Cost would seem to be what’s held up such an effort. Funding for government-built facilities is hard to come by and more of it is necessary when attempting to meet the security requirements of multiple agencies and contracts at one facility. ODNI also noted that the idea of neutral or common SCIFs “conflicts with multiple statutes and regulations”.
Arguably, ODNI has poured too much cold water on the shared SCIF/SAPF idea for the intel establishment or the broader defense community. “If we want to expand the defense industrial base, our SCIF/SAPF ecosystem should be seen as a shared space for those who need to use it,” Van Timmeren asserts.
Earlier this year he floated the idea past contacts in congress and, with pre-existing DARPA and industry influence, got some buy-in. The House version of the NDAA includes a “Report on Secure Spaces for Small Business” section which directs the Secretary of Defense to report to the House Armed Services Committee on feasible options for granting access to existing government-owned SCIF space to small companies that have already received an FCL.
An amendment to the Senate version of the NDAA (Section 849) requires the Secretary of Defense to waive some capability requirements for covered small businesses to bid on classified contracts and to waive requirements for startups to meet certain facility security standards after the award of a DoD contract.
If they’re adopted and if they go beyond mere “reports”, these measures could relieve some of the burden of building or finding SCIF/SAPF spaces where small firms can dig into work on classified projects. Ironically, the current lack of opportunity for small business access has given rise to… a small business.
Arlington, Virginia-based Nooks is seeking to offer flexible access to classified facilities and associated networks for use by industry and government partners, a so-called Classified-Spaces-as-a-Service arrangement whereby startups can subscribe for secure facility and computer terminal privileges at a number of nationwide locations.
Nooks will likely have to provide approved multi-use SCIFs to make its business case.
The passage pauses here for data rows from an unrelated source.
section \<open>Soundness: models contain all proof graphs\<close>

lemma model_contains_pgraph:
  assumes labelled: "completely_labelled P" and model: "is_model P I"
  shows "is_proof P \<pi> a \<Longrightarrow> pgraph \<pi> \<in> I a"
proof (induction rule: is_proof.induct)
  case (1 R a subs)
  let ?\<pi> = "PNode R subs"
  let ?l = "lab R"
  have label_R: "rlabel R = Some ?l"
    using labelled_rule[OF labelled 1(1)] .
  have value_I: "causal_value (I b)" for b
    using model unfolding is_model_def causal_interp_def by auto
  define V where "V = (\<Union>s\<in>set subs. pverts s)"
  define E where "E = (\<Union>s\<in>set subs. pedges s)"
  define G where "G = gclose (V, E)"
  have G_causal: "causal_graph G"
    unfolding G_def E_def V_def by (rule gclose_causal) (use pedges_sub_pverts in fastforce)
  have G_contains: "fst G = V" "E \<subseteq> snd G"
    unfolding G_def gclose_def by auto
  have G_le_sub: "gle G (pgraph s)" if "s \<in> set subs" for s
    using that G_contains unfolding gle_pgraph_iff[OF G_causal] V_def E_def by auto
  have "G \<in> body_val I (rpos R)"
  proof -
    have "G \<in> I b" if "b \<in> set (rpos R)" for b
    proof -
      obtain i where i: "i < length (rpos R)" "b = rpos R ! i"
        using \<open>b \<in> set (rpos R)\<close> by (auto simp: in_set_conv_nth)
      then have "subs ! i \<in> set subs" and "pgraph (subs ! i) \<in> I b"
        using 1(3) by (auto simp: list_all2_conv_all_nth)
      then show ?thesis
        using causal_value_downclosed[OF value_I _ G_causal G_le_sub] by blast
    qed
    then show ?thesis
      using G_causal unfolding body_val_def one_val_def by auto
  qed
  moreover have "gle (pgraph ?\<pi>) (gprod G ({?l}, {(?l, ?l)}))"
  proof (rule gle_gprodI[OF pgraph_causal])
    have "V \<subseteq> pverts ?\<pi>" "E \<subseteq> pedges ?\<pi>"
      unfolding V_def E_def by auto
    then show "gle (pgraph ?\<pi>) G"
      unfolding G_def using pgraph_contains[of ?\<pi>] by (auto simp: gle_gclose_iff[OF pgraph_causal])
    have "(?l, ?l) \<in> snd (pgraph ?\<pi>)"
      using pverts_reach_root[of ?l ?\<pi>] by simp
    then show "gle (pgraph ?\<pi>) ({?l}, {(?l, ?l)})"
      using pgraph_contains(1)[of ?\<pi>] unfolding gle_def by auto
    have "(v, ?l) \<in> snd (pgraph ?\<pi>)" if "v \<in> V" for v
      using that pverts_reach_root[of v ?\<pi>] unfolding V_def by auto
    then show "fst G \<times> fst ({?l}, {(?l, ?l)}) \<subseteq> snd (pgraph ?\<pi>)"
      using G_contains(1) by auto
  qed
  ultimately have "pgraph ?\<pi> \<in> vprod (body_val I (rpos R)) (label_val (rlabel R))"
    unfolding vprod_iff label_R using pgraph_causal label_graph_in_label_val by (intro conjI bexI)
  then show ?case
    using model 1(1,2) unfolding is_model_def by auto
qed

section \<open>Completeness: the proof graphs form a model\<close>

definition proof_interp :: "('a, 'l) program \<Rightarrow> ('a, 'l) cinterp" where
  "proof_interp P a = downset (pgraph ` {\<pi>. is_proof P \<pi> a})"

lemma proof_interp_model:
  assumes labelled: "completely_labelled P"
  shows "is_model P (proof_interp P)"
  unfolding is_model_def
proof (intro conjI ballI subsetI)
  show "causal_interp (proof_interp P)"
    unfolding causal_interp_def proof_interp_def using downset_value by blast
next
  fix R X
  assume R: "R \<in> P" and X: "X \<in> vprod (body_val (proof_interp P) (rpos R)) (label_val (rlabel R))"
  let ?l = "lab R"
  have label_R: "rlabel R = Some ?l"
    using labelled_rule[OF labelled R] .
  from X obtain G G' where X_causal: "causal_graph X" and X_le: "gle X (gprod G G')"
    and G: "G \<in> body_val (proof_interp P) (rpos R)" and G': "G' \<in> label_val (Some ?l)"
    unfolding vprod_iff label_R by blast
  from G have G_causal: "causal_graph G"
    unfolding body_val_def one_val_def by auto
  have G'_causal: "causal_graph G'" and l_in: "?l \<in> fst G'"
    using label_val_SomeD[OF G'] by auto
  let ?good = "\<lambda>\<sigma> b. is_proof P \<sigma> b \<and> gle G (pgraph \<sigma>)"
  have "\<exists>\<sigma>. ?good \<sigma> b" if "b \<in> set (rpos R)" for b
    using G that unfolding body_val_def proof_interp_def downset_def by blast
  then have "?good (SOME \<sigma>. ?good \<sigma> b) b" if "b \<in> set (rpos R)" for b
    using that by (rule someI_ex[OF meta_mp])
  then have "list_all2 ?good (map (\<lambda>b. SOME \<sigma>. ?good \<sigma> b) (rpos R)) (rpos R)"
    unfolding list_all2_map1 list_all2_same by blast
  then obtain subs where subs: "list_all2 ?good subs (rpos R)"
    by blast
  define \<pi> where "\<pi> = PNode R subs"
  have \<pi>_proof: "is_proof P \<pi> (rhead R)"
    unfolding \<pi>_def by (rule is_proof.intros[OF R refl]) (rule list_all2_mono[OF subs], auto)
  have "gle G (pgraph s)" if "s \<in> set subs" for s
    using subs that by (auto simp: list_all2_conv_all_nth in_set_conv_nth)
  then have sub_le: "pverts s \<subseteq> fst G \<and> pedges s \<subseteq> snd G" if "s \<in> set subs" for s
    using that gle_pgraph_iff[OF G_causal] by blast
  have "pverts \<pi> \<subseteq> fst G \<union> fst G'"
    using sub_le l_in unfolding \<pi>_def by auto
  moreover have "pedges \<pi> \<subseteq> snd G \<union> fst G \<times> fst G'"
    using sub_le root_in_pverts l_in unfolding \<pi>_def by fastforce
  ultimately have "gle (gprod G G') (pgraph \<pi>)"
    unfolding gle_pgraph_iff[OF gprod_causal[OF G_causal G'_causal]]
    using gprod_contains[of G G'] by blast
  with X_le have "gle X (pgraph \<pi>)"
    using gle_trans by blast
  then show "X \<in> proof_interp P (rhead R)"
    using X_causal \<pi>_proof unfolding proof_interp_def downset_def by blast
qed

lemma least_model_eq_proof_interp:
  assumes labelled: "completely_labelled P" and least: "least_model P I"
  shows "I a = proof_interp P a"
proof
  show "I a \<subseteq> proof_interp P a"
    using least proof_interp_model[OF labelled] unfolding least_model_def by blast
next
  have model: "is_model P I"
    using least unfolding least_model_def by auto
  then have "causal_value (I a)"
    unfolding is_model_def causal_interp_def by auto
  then show "proof_interp P a \<subseteq> I a"
    using model_contains_pgraph[OF labelled model]
    unfolding proof_interp_def downset_def by (blast intro: causal_value_downclosed)
qed

lemma nonredundant_graphs:
  "G \<in> pgraph ` nonredundant_proofs P p \<longleftrightarrow>
   G \<in> pgraph ` {\<pi>. is_proof P \<pi> p} \<and> (\<forall>H\<in>pgraph ` {\<pi>. is_proof P \<pi> p}. \<not> gless G H)"
  unfolding nonredundant_proofs_def redundant_def by blast

theorem theorem3:
  fixes P :: "('a, 'l) program" and p :: 'a and I :: "('a, 'l) cinterp"
  assumes "positive_program P"
    and "completely_labelled P"
    and "least_model P I"
  shows "\<forall>G. G \<in> pgraph ` nonredundant_proofs P p \<longleftrightarrow>
             (G \<in> I p \<and> (\<forall>G'\<in>I p. \<not> gless G G'))"
proof
  fix G
  let ?S = "pgraph ` {\<pi>. is_proof P \<pi> p}"
  have "I p = downset ?S"
    using least_model_eq_proof_interp[OF assms(2,3)] by (simp add: proof_interp_def)
  moreover have "\<forall>H\<in>?S. causal_graph H"
    using pgraph_causal by blast
  ultimately show "G \<in> pgraph ` nonredundant_proofs P p \<longleftrightarrow>
                   (G \<in> I p \<and> (\<forall>G'\<in>I p. \<not> gless G G'))"
    by (simp only: nonredundant_graphs downset_maximal_iff)
qed

end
Otherwise, startups whose project security details don’t align with the qualities of a particular Nooks-operated SCIF would have to look elsewhere in its network or outside the company.
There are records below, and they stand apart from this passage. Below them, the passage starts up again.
(* Let $d\le k$ and let $R$ be a $d\times k$ matrix that is weakly completely-$\mathcal S$ with respect to $f:\{1,\dots,k\}\to\mathcal P(\{1,\dots,d\})$, where $f(j)\ne\emptyset$ for all $j$ and, for each $1\le i\le d$, $f(j)=\{i\}$ iff $j=i$. Then there is a constant $C>0$ depending only on $R$ and $f$ such that the following holds. Whenever $\delta>0$, $0\le t_1<t_2<\infty$, $w,x\in C([t_1,t_2],\mathbb R^d)$ and $y\in C([t_1,t_2],\mathbb R^k)$ satisfy (i) $w(t)=x(t)+Ry(t)$ for all $t\in[t_1,t_2]$; (ii) $w(t)\in\mathbb R^d_{\ge0}$ for all $t\in[t_1,t_2]$; (iii) for each $j$: $y_j(t_1)\ge0$, $y_j$ is nondecreasing, and $\int_{t_1}^{t_2}\mathbf 1(w_i(s)>\delta\text{ for some }i\in f(j))\,dy_j(s)=0$; then $$\mathrm{Osc}(y,[t_1,t_2])\le C\big(\mathrm{Osc}(x,[t_1,t_2])+\delta\big),\qquad \mathrm{Osc}(w,[t_1,t_2])\le C\big(\mathrm{Osc}(x,[t_1,t_2])+\delta\big).$$
   Context: For $g\in C([t_1,t_2],\mathbb R^m)$, $\mathrm{Osc}(g,[t_1,t_2])=\sup\{\max_{1\le l\le m}|g_l(t)-g_l(s)|: t_1\le s<t\le t_2\}$. Weakly completely-$\mathcal S$: for a $d\times k$ matrix $R$ and $f:\{1,\dots,k\}\to\mathcal P(\{1,\dots,d\})$, for nonempty $I\subseteq\{1,\dots,d\}$ set $J_I=\{1\le j\le k: f(j)\subseteq I\}$ and $R_I=R_{I,J_I}$; $R$ is weakly completely-$\mathcal S$ w.r.t. $f$ if for every nonempty $I$ there is $\lambda_I\in\mathbb R^I_{>0}$ with $(\lambda_I^\top R_I)_j\ge1$ for all $j\in J_I$. *)

theory Defs
  imports "HOL-Analysis.Analysis"
begin

text \<open>Indices are 0-based: coordinates i < d, columns j < k.
  Matrices are functions nat => nat => real, vector-valued paths are real => nat => real.\<close>

text \<open>Oscillation of a path g with m coordinates on [t1,t2]
  (the extra 0 only matters for m = 0, making Osc = 0 then).\<close>
definition Osc :: "(real \<Rightarrow> nat \<Rightarrow> real) \<Rightarrow> nat \<Rightarrow> real \<Rightarrow> real \<Rightarrow> real" where
  "Osc g m t1 t2 = Sup (insert 0 {\<bar>g t l - g s l\<bar> | s t l. t1 \<le> s \<and> s < t \<and> t \<le> t2 \<and> l < m})"

definition J_set :: "nat \<Rightarrow> (nat \<Rightarrow> nat set) \<Rightarrow> nat set \<Rightarrow> nat set" where
  "J_set k f I = {j. j < k \<and> f j \<subseteq> I}"

definition weakly_completely_S ::
  "nat \<Rightarrow> nat \<Rightarrow> (nat \<Rightarrow> nat \<Rightarrow> real) \<Rightarrow> (nat \<Rightarrow> nat set) \<Rightarrow> bool" where
  "weakly_completely_S d k R f \<longleftrightarrow>
     (\<forall>I. I \<noteq> {} \<and> I \<subseteq> {..<d} \<longrightarrow>
        (\<exists>lam::nat \<Rightarrow> real. (\<forall>i\<in>I. lam i > 0) \<and>
           (\<forall>j\<in>J_set k f I. (\<Sum>i\<in>I. lam i * R i j) \<ge> 1)))"

definition LS_measure :: "(real \<Rightarrow> real) \<Rightarrow> real \<Rightarrow> real \<Rightarrow> real measure" where
  "LS_measure g t1 t2 = interval_measure (\<lambda>s. g (max t1 (min t2 s)))"

end

theory Submission
  imports Defs
begin

text \<open>For \<open>I \<subseteq> {0..<d}\<close>, consider time intervals on which only the \<open>y\<^sub>j\<close> with
  \<open>f j \<subseteq> I\<close> increase. By induction on \<open>I\<close>, the total increase \<open>\<Sum>\<^sub>j \<Delta>y\<^sub>j\<close> over such an
  interval is at most \<open>C\<^sub>I (Osc x + \<delta>)\<close>. Let \<open>C'\<close> bound the constants of the sets \<open>I - {i}\<close>
  and \<open>M = 3 + \<parallel>R\<parallel> C'\<close>. Split the interval at a time \<open>a\<close> at which all \<open>w\<^sub>i\<close>, \<open>i \<in> I\<close>, are
  at most \<open>M (Osc x + \<delta>)\<close> and some \<open>w\<^sub>i\<close> is at least that level (unless \<open>a\<close> is an endpoint).
  Up to \<open>a\<close>, pairing \<open>w = x + R y\<close> with the vector \<open>\<lambda>\<^sub>I\<close> of the completely-\<open>\<S>\<close> condition
  bounds the increase by \<open>\<Sum>\<^sub>i \<lambda>\<^sub>i w\<^sub>i(a)\<close>. After \<open>a\<close>, as long as \<open>w\<^sub>i > \<delta>\<close> the \<open>y\<^sub>j\<close> with
  \<open>i \<in> f j\<close> cannot increase, so the bound for \<open>I - {i}\<close> applies; it shows that \<open>w\<^sub>i\<close> falls
  by at most \<open>(1 + \<parallel>R\<parallel> C') (Osc x + \<delta>)\<close>, too little to reach \<open>\<delta>\<close>. The bound on \<open>Osc w\<close>
  then follows from \<open>w = x + R y\<close>.\<close>

section \<open>Oscillation\<close>

lemma bdd_above_Osc_set:
  fixes g :: "real \<Rightarrow> nat \<Rightarrow> real"
  assumes "\<forall>l<m. continuous_on {t1..t2} (\<lambda>t. g t l)"
  shows "bdd_above (insert 0 {\<bar>g t l - g s l\<bar> | s t l. t1 \<le> s \<and> s < t \<and> t \<le> t2 \<and> l < m})"
proof -
  have "\<exists>B. \<forall>t\<in>{t1..t2}. \<bar>g t l\<bar> \<le> B" if "l < m" for l
    using compact_imp_bounded[OF compact_continuous_image[OF assms[rule_format, OF that] compact_Icc]]
    unfolding bounded_real by auto
  then obtain B where B: "\<And>l t. l < m \<Longrightarrow> t \<in> {t1..t2} \<Longrightarrow> \<bar>g t l\<bar> \<le> B l"
    by metis
  have bound: "\<bar>g t l\<bar> \<le> (\<Sum>l<m. \<bar>B l\<bar>)" if "l < m" "t \<in> {t1..t2}" for l t
    using B[OF that] member_le_sum[of l "{..<m}" "\<lambda>l. \<bar>B l\<bar>"] that by force
  show ?thesis
  proof (intro bdd_aboveI[of _ "2 * (\<Sum>l<m. \<bar>B l\<bar>)"], elim insertE CollectE exE conjE)
    fix z s t l
    assume "z = \<bar>g t l - g s l\<bar>" "t1 \<le> s" "s < t" "t \<le> t2" "l < m"
    then show "z \<le> 2 * (\<Sum>l<m. \<bar>B l\<bar>)"
      using bound[of l s] bound[of l t] by auto
  qed (auto intro: sum_nonneg)
qed

lemma Osc_nonneg:
  fixes g :: "real \<Rightarrow> nat \<Rightarrow> real"
  assumes "\<forall>l<m. continuous_on {t1..t2} (\<lambda>t. g t l)"
  shows "0 \<le> Osc g m t1 t2"
  unfolding Osc_def by (rule cSup_upper[OF _ bdd_above_Osc_set[OF assms]]) simp

lemma abs_diff_le_Osc:
  fixes g :: "real \<Rightarrow> nat \<Rightarrow> real"
  assumes cont: "\<forall>l<m. continuous_on {t1..t2} (\<lambda>t. g t l)"
    and "u \<in> {t1..t2}" "v \<in> {t1..t2}" "l < m"
  shows "\<bar>g u l - g v l\<bar> \<le> Osc g m t1 t2"
proof -
  have less: "\<bar>g t l - g s l\<bar> \<le> Osc g m t1 t2" if "t1 \<le> s" "s < t" "t \<le> t2" for s t
    unfolding Osc_def by (rule cSup_upper[OF _ bdd_above_Osc_set[OF cont]]) (use that assms in blast)
  consider "u < v" | "u = v" | "v < u" by linarith
  then show ?thesis
    using less[of u v] less[of v u] Osc_nonneg[OF cont] assms by cases (auto simp: abs_minus_commute)
qed

lemma Osc_least:
  fixes g :: "real \<Rightarrow> nat \<Rightarrow> real"
  assumes "\<And>s t l. t1 \<le> s \<Longrightarrow> s < t \<Longrightarrow> t \<le> t2 \<Longrightarrow> l < m \<Longrightarrow> \<bar>g t l - g s l\<bar> \<le> B"
    and "0 \<le> B"
  shows "Osc g m t1 t2 \<le> B"
  unfolding Osc_def by (rule cSup_least) (use assms in auto)

section \<open>Hitting times of continuous functions\<close>

lemma first_hitting_time:
  fixes h :: "real \<Rightarrow> real"
  assumes cont: "continuous_on {a..b} h" and "s \<in> {a..b}" "h s \<le> c"
  shows "\<exists>s0\<in>{a..b}. h s0 \<le> c \<and> (\<forall>u. a < u \<longrightarrow> u < s0 \<longrightarrow> c < h u)"
proof -
  define T where "T = {u\<in>{a..b}. h u \<le> c}"
  have "closed T"
    unfolding T_def by (rule continuous_on_closed_Collect_le[OF cont continuous_on_const]) auto
  moreover have "T \<noteq> {}" "bdd_below T"
    using assms unfolding T_def by (auto intro: bdd_belowI[of _ a])
  ultimately have "Inf T \<in> T"
    by (rule closed_contains_Inf[rotated 2])
  moreover have "c < h u" if "a < u" "u < Inf T" for u
    using cInf_lower[OF _ \<open>bdd_below T\<close>, of u] that \<open>Inf T \<in> T\<close> unfolding T_def by force
  ultimately show ?thesis
    unfolding T_def by blast
qed

lemma continuous_on_Max_image:
  fixes g :: "'i \<Rightarrow> 'a::topological_space \<Rightarrow> real"
  assumes "finite I" "I \<noteq> {}" "\<And>i. i \<in> I \<Longrightarrow> continuous_on S (g i)"
  shows "continuous_on S (\<lambda>u. Max ((\<lambda>i. g i u) ` I))"
  using assms by (induction I rule: finite_ne_induct) (auto intro!: continuous_intros)

lemma crossing_time:
  fixes g :: "'i \<Rightarrow> real \<Rightarrow> real"
  assumes "finite I" "\<And>i. i \<in> I \<Longrightarrow> continuous_on {s..t} (g i)" "s \<le> t"
  shows "\<exists>a\<in>{s..t}. (a = s \<or> (\<forall>i\<in>I. g i a \<le> c)) \<and> (a = t \<or> (\<exists>i\<in>I. c \<le> g i a))"
proof (cases "I = {}")
  case True
  then show ?thesis using \<open>s \<le> t\<close> by auto
next
  case False
  define h where "h u = Max ((\<lambda>i. g i u) ` I)" for u
  have h_le: "h u \<le> c \<longleftrightarrow> (\<forall>i\<in>I. g i u \<le> c)" and le_h: "c \<le> h u \<longleftrightarrow> (\<exists>i\<in>I. c \<le> g i u)" for u
    unfolding h_def using \<open>finite I\<close> False by (auto simp: Max_le_iff Max_ge_iff)
  consider "c \<le> h s" | "h t \<le> c" | "h s \<le> c" "c \<le> h t" by linarith
  then show ?thesis
  proof cases
    case 3
    moreover have "continuous_on {s..t} h"
      unfolding h_def using assms False by (intro continuous_on_Max_image)
    ultimately obtain a where "s \<le> a" "a \<le> t" "h a = c"
      using IVT'[of h s c t] \<open>s \<le> t\<close> by blast
    then show ?thesis using h_le[of a] le_h[of a] by (intro bexI[of _ a]) auto
  qed (use h_le le_h \<open>s \<le> t\<close> in auto)
qed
But the notion of maximizing the return on underutilized SCIF/SAPF spaces and getting new firms into them remains a logical and attractive proposition. Had such an option been available when Blue Force Technologies first entered into classified work shortly following its founding, it may have been able to accelerate faster Van Timmeren says.
“We could probably have had earlier access to opportunities. Small businesses in general might have earlier contract opportunities if given access to such facilities.”
Along with the impact earlier contract opportunities could have on the Valley of Death problem faced by defense startups, finding shared secure workspaces for them could greatly enhance the pool of innovation and direct to warfighter throughput that can help the U.S. deter conflict.
“Many of the greatest challenges that we face in deterring or winning in a conflict are solved and protected under classified programs,” Van Timmeren observes. “Those who already have deep access to those programs have an incumbency of opportunity. It’s a clear barrier to small business. Disrupting that incumbency of opportunity is something that should be worked on.”